*What to produce*: Could you print all the entries exactly?

▬▬▬▬▬▬

(* For every integer $k\geq 1$ we have $$\mathrm{CD}_k \subsetneq \mathrm{CH}_k \subsetneq \mathrm{CN}_k \qquad\text{and}\qquad \mathrm{RD}_k \subsetneq \mathrm{RH}_k \subsetneq \mathrm{RN}_k .$$
   Context: Fix a finite alphabet $\Sigma$. A $k$-dimensional vector addition system with states ($k$-VASS) is a tuple $(Q,q_0,F,\delta)$ where $Q$ is a finite set of states, $q_0\in Q$ is initial, $F\subseteq Q$ is the set of accepting states, and $\delta\subseteq Q\times\Sigma\times\mathbb{Z}^k\times Q$ is a finite set of transitions (no $\varepsilon$-transitions). A run on a word $w=a_1\cdots a_n$ is a sequence of transitions $(p_{i-1},a_i,d_i,p_i)$, $i=1,\dots,n$, with $p_0=q_0$, such that the counter vectors $v_0=\vec 0$, $v_i=v_{i-1}+d_i$ all lie in $\mathbb{N}^k$. Under coverability acceptance the run is accepting if $p_n\in F$; under reachability acceptance it is accepting if $p_n\in F$ and $v_n=\vec 0$. The language of the VASS (under the chosen acceptance) is the set of words having an accepting run. A VASS is deterministic if for every state $q$ and letter $a$ there is at most one transition of the form $(q,a,d,q')$. A VASS is history-deterministic if there is a resolver, i.e. a function $r$ mapping each finite sequence of transitions and each letter $a$ to a transition labelled $a$, such that for every word $w$ in the language, the sequence of transitions obtained by successively applying $r$ (to the sequence built so far and the next letter of $w$) is a run on $w$ (all counters stay nonnegative) and is accepting. $\mathrm{CD}_k$, $\mathrm{CH}_k$, $\mathrm{CN}_k$ denote the classes of languages recognised by deterministic, history-deterministic, and arbitrary (nondeterministic) $k$-VASS respectively under coverability acceptance; $\mathrm{RD}_k$, $\mathrm{RH}_k$, $\mathrm{RN}_k$ denote the analogous classes under reachability acceptance. *)

theory Defs
  imports Main
begin

type_synonym 'a trans = "nat \<times> 'a \<times> int list \<times> nat"

record 'a vass =
  states :: "nat set"
  init   :: nat
  final  :: "nat set"
  delta  :: "'a trans set"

▬▬▬▬▬▬

*Exercise solution*:
(* For every integer $k\geq 1$ we have $$\mathrm{CD}_k \subsetneq \mathrm{CH}_k \subsetneq \mathrm{CN}_k \qquad\text{and}\qquad \mathrm{RD}_k \subsetneq \mathrm{RH}_k \subsetneq \mathrm{RN}_k .$$
   Context: Fix a finite alphabet $\Sigma$. A $k$-dimensional vector addition system with states ($k$-VASS) is a tuple $(Q,q_0,F,\delta)$ where $Q$ is a finite set of states, $q_0\in Q$ is initial, $F\subseteq Q$ is the set of accepting states, and $\delta\subseteq Q\times\Sigma\times\mathbb{Z}^k\times Q$ is a finite set of transitions (no $\varepsilon$-transitions). A run on a word $w=a_1\cdots a_n$ is a sequence of transitions $(p_{i-1},a_i,d_i,p_i)$, $i=1,\dots,n$, with $p_0=q_0$, such that the counter vectors $v_0=\vec 0$, $v_i=v_{i-1}+d_i$ all lie in $\mathbb{N}^k$. Under coverability acceptance the run is accepting if $p_n\in F$; under reachability acceptance it is accepting if $p_n\in F$ and $v_n=\vec 0$. The language of the VASS (under the chosen acceptance) is the set of words having an accepting run. A VASS is deterministic if for every state $q$ and letter $a$ there is at most one transition of the form $(q,a,d,q')$. A VASS is history-deterministic if there is a resolver, i.e. a function $r$ mapping each finite sequence of transitions and each letter $a$ to a transition labelled $a$, such that for every word $w$ in the language, the sequence of transitions obtained by successively applying $r$ (to the sequence built so far and the next letter of $w$) is a run on $w$ (all counters stay nonnegative) and is accepting. $\mathrm{CD}_k$, $\mathrm{CH}_k$, $\mathrm{CN}_k$ denote the classes of languages recognised by deterministic, history-deterministic, and arbitrary (nondeterministic) $k$-VASS respectively under coverability acceptance; $\mathrm{RD}_k$, $\mathrm{RH}_k$, $\mathrm{RN}_k$ denote the analogous classes under reachability acceptance. *)

theory Defs
  imports Main
begin

type_synonym 'a trans = "nat \<times> 'a \<times> int list \<times> nat"

record 'a vass =
  states :: "nat set"
  init   :: nat
  final  :: "nat set"
  delta  :: "'a trans set"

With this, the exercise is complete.